To log in to a site, computer users would open the InfoCard program directly, or using Microsoft's Internet Explorer browser, and then click on the card that matches the level of information required by the site. The InfoCard program would then retrieve the necessary credentials from the identity provider, in the form of a secure digital token. The InfoCard program would then transmit the digital token to the site to authenticate the person's identity.

RSA 2006

Follow the news from the RSA security conference in San Jose, Calif., this week in the Seattle P-I and on Todd Bishop's Microsoft blog.

Bill Gates did the opening keynote address at RSA today, and Ina Fried and Joris Evers from CNET had their story out within an amazing fourty-two minutes.

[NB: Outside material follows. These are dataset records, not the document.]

(* Let $d\ge1$, $\nu>0$, $\mu>0$, and let $\mathbf{T}_1,\mathbf{T}_2$ be independent random vectors in $\mathbb{R}^d$ with Student densities $f_\nu$ and $f_\mu$ respectively, where $f_\nu(\mathbf{t})=\frac{\Gamma(\nu+\frac d2)}{\Gamma(\nu)\pi^{d/2}}(1+\Vert\mathbf{t}\Vert^2)^{-\nu-\frac d2}$. Then the density of $\mathbf{Y}=\mathbf{T}_1+\mathbf{T}_2$ is \[ f_{\mathbf{Y}}(\mathbf{x})=\sum_{n=0}^\infty c_n^{(\nu,\mu)}\phi_{n,\nu+\mu}(\mathbf{x}),\qquad\mathbf{x}\in\mathbb{R}^d, \] where \[ c_n^{(\nu,\mu)}=\frac{1}{B(\nu,\mu)}\frac{(\frac d2)_n}{n!}\int_0^1 t^{\mu+\frac d2-1}(1-t)^{\nu+\frac d2-1}(1-t+t^2)^n\,dt,\qquad n\ge0, \] are positive coefficients with $\sum_n c_n^{(\nu,\mu)}=1$.
   Context: For $\eta>0$ and $n\in\mathbb{N}$, $\phi_{n,\eta}$ is the probability density on $\mathbb{R}^d$ \[ \phi_{n,\eta}(\mathbf{x})=\frac{\Gamma(\frac d2)}{\pi^{d/2}B(\eta,n+\frac d2)}\frac{\Vert\mathbf{x}\Vert^{2n}}{(1+\Vert\mathbf{x}\Vert^2)^{\eta+n+\frac d2}}. \] $B$ is the Beta function and $(a)_n=a(a+1)\cdots(a+n-1)$ is the Pochhammer symbol. $f_\nu$ is the Student density with $2\nu$ degrees of freedom. *)

theory Defs
  imports "HOL-Probability.Probability"
begin

definition student_density :: "real \<Rightarrow> 'a::euclidean_space \<Rightarrow> real" where
  "student_density \<nu> t =
     Gamma (\<nu> + real DIM('a) / 2) / (Gamma \<nu> * pi powr (real DIM('a) / 2))
     * (1 + (norm t)\<^sup>2) powr (- \<nu> - real DIM('a) / 2)"

definition phi_density :: "nat \<Rightarrow> real \<Rightarrow> 'a::euclidean_space \<Rightarrow> real" where
  "phi_density n \<eta> x =
     Gamma (real DIM('a) / 2) / (pi powr (real DIM('a) / 2) * Beta \<eta> (real n + real DIM('a) / 2))
     * (norm x) ^ (2 * n) / (1 + (norm x)\<^sup>2) powr (\<eta> + real n + real DIM('a) / 2)"
(* Let $(R_\theta,p_\theta)_{\theta\in\Theta}$ be an incentive compatible menu with $\int_\Theta V_\theta(R_\theta,p_\theta)\,d\mu\ge0$. Then $(R_\theta,p_\theta)_{\theta\in\Theta}$ is individually rational if and only if $U_{\underline\theta}(R_{\underline\theta},p_{\underline\theta})\ge U_{\underline\theta}(L_{\underline\theta},0)$.
   Context: Setting (Yaari dual-utility insurance model). $(S,\Sigma,\mathbb P)$ is a probability space. Types: $\Theta=[\underline\theta,\bar\theta]$ with Borel $\sigma$-algebra and a probability measure $\mu$ with a Lebesgue density $q$. Fix $\bar L<\infty$. For each $\theta$ the type-$\theta$ agent faces a loss $L_\theta$ (bounded, $\Sigma$-measurable, values in $[0,\bar L]$) with continuous distribution function $F_\theta(l)=\mathbb P(L_\theta\le l)$. Retention functions: $\mathcal R=\{R:[0,\bar L]\to[0,\bar L]: R(0)=0,\ 0\le\partial R(l)/\partial l\le1\}$. A menu is a family $(R_\theta,p_\theta)_{\theta\in\Theta}$ with $R_\theta\in\mathcal R$, $p_\theta\in\mathbb R$. A distortion function is a nondecreasing $g:[0,1]\to[0,1]$ with $g(0)=0,g(1)=1$; type $\theta$ has distortion $g_\theta$ (with $g'_\theta$ the derivative in $t$), the insurer $g^{In}$. Utilities: $U_\theta(R,p)=-p-\int_0^{\bar L}[1-g_\theta(F_\theta(l))]\frac{\partial R(l)}{\partial l}dl$, $V_\theta(R,p)=p-\int_0^{\bar L}[1-g^{In}(F_\theta(l))](1-\frac{\partial R(l)}{\partial l})dl$, no-insurance utility $U_\theta(L_\theta,0)=-\int_0^{\bar L}[1-g_\theta(F_\theta(l))]dl$. Throughout, for every menu the maps $\theta\mapsto U_\theta(R_\theta,p_\theta)$, $\theta\mapsto V_\theta(R_\theta,p_\theta)$ lie in $L^1(\Theta,\mu)$. Individually rational: (P1) $U_\theta(R_\theta,p_\theta)\ge U_\theta(L_\theta,0)$ for all $\theta$ and (P2) $\int_\Theta V_\theta(R_\theta,p_\theta)d\mu\ge0$. Incentive compatible: $U_\theta(R_\theta,p_\theta)\ge U_\theta(R_{\theta'},p_{\theta'})$ for all $\theta,\theta'$. Standing assumptions: (A1) $g^{In}(t)\ge g_\theta(t)$ for all $t,\theta$. (A2) $\theta\mapsto F_\theta(l)$ differentiable, $\{F_\theta\}$ uniformly Lipschitz in $\theta$, $\partial F_\theta(l)/\partial\theta\le0$ for all $l$. (A3) each $g_\theta$ differentiable with $g'_\theta\le\delta$ for a common $\delta<\infty$; $\theta\mapsto g_\theta(t)$ differentiable, uniformly Lipschitz in $\theta$; $\partial g_\theta(t)/\partial\theta\le0$ for $t\in(0,1)$. *)

theory Defs
  imports "HOL-Analysis.Analysis" "HOL-Probability.Probability"
begin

How can they do that?

Bill made it clear that he really cares about privacy and security, just as he is committed to helping build an identity metasystem that moves the industry to the next stage of collaboration and reach.

SAN JOSE, Calif.–For years, Microsoft Chairman Bill Gates has had his sights set on the password as the weak link in the computer security chain.

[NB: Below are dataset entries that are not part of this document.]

text \<open>Paths through the identity relation: there is at most one, so in a partition of
  $A \times A$ the identity class has constant path counts with every class.\<close>
lemma npaths_Id_left: "npaths (Id_on A) t \<alpha> \<beta> = (if \<alpha> \<in> A \<and> (\<alpha>, \<beta>) \<in> t then 1 else 0)"
proof -
  have "{\<gamma>. (\<alpha>, \<gamma>) \<in> Id_on A \<and> (\<gamma>, \<beta>) \<in> t} = (if \<alpha> \<in> A \<and> (\<alpha>, \<beta>) \<in> t then {\<alpha>} else {})"
    by auto
  then show ?thesis unfolding npaths_def by simp
qed

lemma npaths_Id_right: "npaths s (Id_on A) \<alpha> \<beta> = (if \<beta> \<in> A \<and> (\<alpha>, \<beta>) \<in> s then 1 else 0)"
proof -
  have "{\<gamma>. (\<alpha>, \<gamma>) \<in> s \<and> (\<gamma>, \<beta>) \<in> Id_on A} = (if \<beta> \<in> A \<and> (\<alpha>, \<beta>) \<in> s then {\<beta>} else {})"
    by auto
  then show ?thesis unfolding npaths_def by simp
qed

lemma constant_paths_Id_left:
  assumes "t \<in> U" and "\<Union>U \<subseteq> A \<times> A" and "\<forall>u\<in>U. \<forall>v\<in>U. u \<noteq> v \<longrightarrow> u \<inter> v = {}"
  shows "constant_paths U (Id_on A) t"
  unfolding constant_paths_def
proof
  fix u assume u: "u \<in> U"
  show "\<exists>c. \<forall>(\<alpha>, \<beta>)\<in>u. npaths (Id_on A) t \<alpha> \<beta> = c"
  proof (cases "u = t")
    case True
    then show ?thesis using u assms(2) by (intro exI[of _ 1]) (auto simp: npaths_Id_left)
  next
    case False
    then show ?thesis using u assms by (intro exI[of _ 0]) (auto simp: npaths_Id_left)
  qed
qed

lemma constant_paths_Id_right:
  assumes "s \<in> U" and "\<Union>U \<subseteq> A \<times> A" and "\<forall>u\<in>U. \<forall>v\<in>U. u \<noteq> v \<longrightarrow> u \<inter> v = {}"
  shows "constant_paths U s (Id_on A)"
  unfolding constant_paths_def
proof
  fix u assume u: "u \<in> U"
  show "\<exists>c. \<forall>(\<alpha>, \<beta>)\<in>u. npaths s (Id_on A) \<alpha> \<beta> = c"
  proof (cases "u = s")
    case True
    then show ?thesis using u assms(2) by (intro exI[of _ 1]) (auto simp: npaths_Id_right)
  next
    case False
    then show ?thesis using u assms by (intro exI[of _ 0]) (auto simp: npaths_Id_right)
  qed
qed

lemma constant_paths_shift_left:
  assumes const: "constant_paths U s t"
    and s': "\<And>\<alpha> \<gamma>. (\<alpha>, \<gamma>) \<in> s' \<longleftrightarrow> (f \<alpha>, \<gamma>) \<in> s"
    and closed: "\<And>u. u \<in> U \<Longrightarrow> \<exists>u'\<in>U. \<forall>\<alpha> \<beta>. (\<alpha>, \<beta>) \<in> u \<longrightarrow> (f \<alpha>, \<beta>) \<in> u'"
  shows "constant_paths U s' t"
  unfolding constant_paths_def
proof
  fix u assume "u \<in> U"
  then obtain u' where "u' \<in> U" and u': "\<forall>\<alpha> \<beta>. (\<alpha>, \<beta>) \<in> u \<longrightarrow> (f \<alpha>, \<beta>) \<in> u'"
    using closed by blast
  then obtain c where c: "\<forall>(\<alpha>, \<beta>)\<in>u'. npaths s t \<alpha> \<beta> = c"
    using const unfolding constant_paths_def by blast
  have shift: "npaths s' t \<alpha> \<beta> = npaths s t (f \<alpha>) \<beta>" for \<alpha> \<beta>
    unfolding npaths_def s' ..
  show "\<exists>c. \<forall>(\<alpha>, \<beta>)\<in>u. npaths s' t \<alpha> \<beta> = c"
  proof (intro exI[of _ c], clarify)
    fix \<alpha> \<beta> assume "(\<alpha>, \<beta>) \<in> u"
    then have "(f \<alpha>, \<beta>) \<in> u'"
      using u' by blast
    then show "npaths s' t \<alpha> \<beta> = c"
      using bspec[OF c] shift by fastforce
  qed
qed

lemma constant_paths_shift_right:
  assumes const: "constant_paths U s t"
    and t': "\<And>\<gamma> \<beta>. (\<gamma>, \<beta>) \<in> t' \<longleftrightarrow> (\<gamma>, f \<beta>) \<in> t"
    and closed: "\<And>u. u \<in> U \<Longrightarrow> \<exists>u'\<in>U. \<forall>\<alpha> \<beta>. (\<alpha>, \<beta>) \<in> u \<longrightarrow> (\<alpha>, f \<beta>) \<in> u'"
  shows "constant_paths U s t'"
  unfolding constant_paths_def
proof
  fix u assume "u \<in> U"
  then obtain u' where "u' \<in> U" and u': "\<forall>\<alpha> \<beta>. (\<alpha>, \<beta>) \<in> u \<longrightarrow> (\<alpha>, f \<beta>) \<in> u'"
    using closed by blast
  then obtain c where c: "\<forall>(\<alpha>, \<beta>)\<in>u'. npaths s t \<alpha> \<beta> = c"
    using const unfolding constant_paths_def by blast
  have shift: "npaths s t' \<alpha> \<beta> = npaths s t \<alpha> (f \<beta>)" for \<alpha> \<beta>
    unfolding npaths_def t' ..
  show "\<exists>c. \<forall>(\<alpha>, \<beta>)\<in>u. npaths s t' \<alpha> \<beta> = c"
  proof (intro exI[of _ c], clarify)
    fix \<alpha> \<beta> assume "(\<alpha>, \<beta>) \<in> u"
    then have "(\<alpha>, f \<beta>) \<in> u'"
      using u' by blast
    then show "npaths s t' \<alpha> \<beta> = c"
      using bspec[OF c] shift by fastforce
  qed
qed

Now, with Windows Vista, Gates feels he finally has the right weapons to supplant the password as a means of verifying who is who on computers and over the Internet.

The new operating system, due later this year, introduces a concept called InfoCards that gives users a better way to manage the plethora of Internet login names and passwords as well as lets third parties help in the verification process. Vista will also make it easier to log on to PCs using something stronger than a password alone, such as a smart card.

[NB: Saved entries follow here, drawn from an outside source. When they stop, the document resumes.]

(* Let $\gamma\in\mathcal{M}_k\otimes\mathcal{M}_m$ be a pure state, i.e., a state of rank $1$. Then $\gamma\in CR_{k,m}$ if and only if $\gamma$ is separable, i.e., $\gamma=vv^*$ with $v=a\otimes b$ for some $a\in\mathbb{C}^k$, $b\in\mathbb{C}^m$.
   Context: $\mathcal{M}_k$ denotes the complex $k\times k$ matrices, and $\mathcal{M}_k\otimes\mathcal{M}_m$ is identified with $\mathcal{M}_{km}$ via the Kronecker product. A state is a positive semidefinite Hermitian matrix (not necessarily of trace one). For $\gamma=\sum_{i=1}^nA_i\otimes B_i\in\mathcal{M}_k\otimes\mathcal{M}_m$ define $G_\gamma:\mathcal{M}_k\to\mathcal{M}_m$, $G_\gamma(X)=\sum_i\mathrm{tr}(A_iX)B_i$, and $F_\gamma:\mathcal{M}_m\to\mathcal{M}_k$, $F_\gamma(Y)=\sum_i\mathrm{tr}(B_iY)A_i$. A linear map is positive if it maps positive semidefinite matrices to positive semidefinite matrices, and self-adjoint if self-adjoint with respect to $\langle X,Y\rangle=\mathrm{tr}(XY^* )$. For orthogonal projections $V,W$, $V\mathcal{M}_kW=\{VXW:X\in\mathcal{M}_k\}$. Given an orthogonal projection $V\in\mathcal{M}_k$ and a positive map $T:V\mathcal{M}_kV\to V\mathcal{M}_kV$, $T$ is irreducible if the only orthogonal projections $W$ with $W\mathcal{M}_kW\subseteq V\mathcal{M}_kV$ and $T(W\mathcal{M}_kW)\subseteq W\mathcal{M}_kW$ are $W=0$ and $W=V$. A self-adjoint positive map $T:\mathcal{M}_k\to\mathcal{M}_k$ is completely reducible if there are orthogonal projections $W_1,\dots,W_l$ with $W_iW_j=0$ for $i\ne j$, $T(W_i\mathcal{M}_kW_i)\subseteq W_i\mathcal{M}_kW_i$ and $T|_{W_i\mathcal{M}_kW_i}$ irreducible for every $i$, and $T|_R\equiv0$, where $R$ is the orthogonal complement (trace inner product) of $\bigoplus_iW_i\mathcal{M}_kW_i$ in $\mathcal{M}_k$. $CR_{k,m}$ is the set of states $\gamma\in\mathcal{M}_k\otimes\mathcal{M}_m$ such that $F_\gamma\circ G_\gamma:\mathcal{M}_k\to\mathcal{M}_k$ is completely reducible. *)

theory Defs
  imports "HOL-Analysis.Analysis"
begin

text \<open>Matrices in M_k are complex^'k^'k with 'k a finite index type (k = CARD('k)).
  M_k tensor M_m is identified with complex^('k\<times>'m)^('k\<times>'m): the Kronecker product
  A\<otimes>B has entry (i,j),(i',l) equal to A i i' * B j l.\<close>

definition cadj :: "complex^'n^'m \<Rightarrow> complex^'m^'n" where
  "cadj A = (\<chi> i j. cnj (A $ j $ i))"

definition kron :: "complex^'k^'k \<Rightarrow> complex^'m^'m \<Rightarrow> complex^('k\<times>'m)^('k\<times>'m)" where
  "kron A B = (\<chi> p q. A $ fst p $ fst q * B $ snd p $ snd q)"

definition kronv :: "complex^'k \<Rightarrow> complex^'m \<Rightarrow> complex^('k\<times>'m)" where
  "kronv a b = (\<chi> p. a $ fst p * b $ snd p)"

definition outer :: "complex^'n \<Rightarrow> complex^'n^'n" where
  "outer v = (\<chi> i j. v $ i * cnj (v $ j))"

definition hermitian :: "complex^'n^'n \<Rightarrow> bool" where
  "hermitian A \<longleftrightarrow> cadj A = A"

text \<open>positive semidefinite Hermitian matrix (a state, not necessarily of trace one)\<close>
definition psd :: "complex^'n^'n \<Rightarrow> bool" where
  "psd A \<longleftrightarrow> hermitian A \<and> (\<forall>x. 0 \<le> Re (\<Sum>i\<in>UNIV. cnj (x $ i) * (A *v x) $ i))"

text \<open>For gamma = sum A_i \<otimes> B_i, G_gamma(X) = sum tr(A_i X) B_i; this is
  linear in gamma, and for gamma = A\<otimes>B the entry formula below gives exactly tr(AX) B,
  so these are the maps of the paper written in entries (independent of decomposition).\<close>
definition Gmap :: "complex^('k\<times>'m)^('k\<times>'m) \<Rightarrow> complex^'k^'k \<Rightarrow> complex^'m^'m" where
  "Gmap \<gamma> X = (\<chi> j l. \<Sum>i\<in>UNIV. \<Sum>i'\<in>UNIV. \<gamma> $ (i, j) $ (i', l) * X $ i' $ i)"

definition Fmap :: "complex^('k\<times>'m)^('k\<times>'m) \<Rightarrow> complex^'m^'m \<Rightarrow> complex^'k^'k" where
  "Fmap \<gamma> Y = (\<chi> i i'. \<Sum>j\<in>UNIV. \<Sum>l\<in>UNIV. \<gamma> $ (i, j) $ (i', l) * Y $ l $ j)"

definition positive_map :: "(complex^'n^'n \<Rightarrow> complex^'n^'n) \<Rightarrow> bool" where
  "positive_map T \<longleftrightarrow> (\<forall>X. psd X \<longrightarrow> psd (T X))"

definition selfadjoint_map :: "(complex^'n^'n \<Rightarrow> complex^'n^'n) \<Rightarrow> bool" where
  "selfadjoint_map T \<longleftrightarrow> (\<forall>X Y. trace (T X ** cadj Y) = trace (X ** cadj (T Y)))"

definition orth_proj :: "complex^'n^'n \<Rightarrow> bool" where
  "orth_proj W \<longleftrightarrow> cadj W = W \<and> W ** W = W"

definition corner :: "complex^'n^'n \<Rightarrow> complex^'n^'n \<Rightarrow> (complex^'n^'n) set" where
  "corner V W = {V ** X ** W | X. True}"

text \<open>T restricted to V M_k V (assumed to map it into itself) is irreducible\<close>
definition irreducible_on :: "complex^'n^'n \<Rightarrow> (complex^'n^'n \<Rightarrow> complex^'n^'n) \<Rightarrow> bool" where
  "irreducible_on V T \<longleftrightarrow>
     (\<forall>W. orth_proj W \<and> corner W W \<subseteq> corner V V \<and> T ` corner W W \<subseteq> corner W W
          \<longrightarrow> W = 0 \<or> W = V)"

definition completely_reducible :: "(complex^'n^'n \<Rightarrow> complex^'n^'n) \<Rightarrow> bool" where
  "completely_reducible T \<longleftrightarrow> selfadjoint_map T \<and> positive_map T \<and>
     (\<exists>Ws :: (complex^'n^'n) list.
        (\<forall>i<length Ws. orth_proj (Ws ! i)) \<and>
        (\<forall>i<length Ws. \<forall>j<length Ws. i \<noteq> j \<longrightarrow> Ws ! i ** Ws ! j = 0) \<and>
        (\<forall>i<length Ws. T ` corner (Ws ! i) (Ws ! i) \<subseteq> corner (Ws ! i) (Ws ! i)) \<and>
        (\<forall>i<length Ws. irreducible_on (Ws ! i) T) \<and>
        (\<forall>X. (\<forall>i<length Ws. \<forall>Y\<in>corner (Ws ! i) (Ws ! i). trace (X ** cadj Y) = 0)
             \<longrightarrow> T X = 0))"

definition CR :: "(complex^('k::finite\<times>'m::finite)^('k\<times>'m)) set" where
  "CR = {\<gamma>. psd \<gamma> \<and> completely_reducible (Fmap \<gamma> \<circ> Gmap \<gamma>)}"

end

theory Submission
  imports Defs
begin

“We're laying the foundation for what we need,” Gates said in a speech at the RSA Conference 2006 here.

Even with the advancements, Gates said he wasn't naive enough to think the password would go away overnight.

“I don't pretend that we are going to move away from passwords overnight, but over three or four years for corporate systems this change can and should happen,” he said.

Microsoft has described InfoCard as a technology that gives users a single place to manage various authentication and payment information, in the same way that a wallet holds multiple credit cards.

InfoCard is Microsoft's second try at an authentication technology after its largely failed Passport single sign-on service unveiled in 1999.

InfoCard attempts to address the complaint many critics had with Passport, which was that people's information was managed by Microsoft instead of by the users themselves and the businesses they dealt with.

Although Microsoft has talked previously about InfoCard and early versions of the InfoCard code were released to developers last year, Gates’ speech marked one of the first times Microsoft has demonstrated publicly just how it might work.

In a demonstration, Microsoft showed how a consumer could use a self-generated InfoCard to log in to a car rental site and then use a separate InfoCard from a membership group to get a discount on the rental.

Microsoft acknowledged that replacing passwords is something that needs to be done at the system level, but Gates said the company is also working on technologies to enable various identity systems used on the Internet to work together, something it calls the Identity Metasystem.

Gates also touted several of the other security capabilities that will be part of Windows Vista. In a demo, Microsoft showed its anti-spyware technology as well as a new mode that runs Internet Explorer in its own “sandbox” so that Internet code can't cross over into the rest of a PC.

Michael Coates, whose title is, if you can believe this, “Microsoft Pragmatic Evangelist”, has been posting on identity with his colleagues over at the Mix06 Blog. It looks like identity will really be a theme at MIX. The Web has an Identity Crisis describes some of the issues created by the lack of an identity layer on the Web.

The site also has a piece on InfoCard by Steven Woodward called InfoCard : A standards-based approach to User Authentication. Steven is a “Technical Evangelist”, but he still has a pretty pragmatic head on his technical shoulders…

Anyway, I'm looking forward to this since several of us will be speaking there and I'll be hanging out along with Steven and Michael to talk about identity. I'll pass on more info when I have the agenda.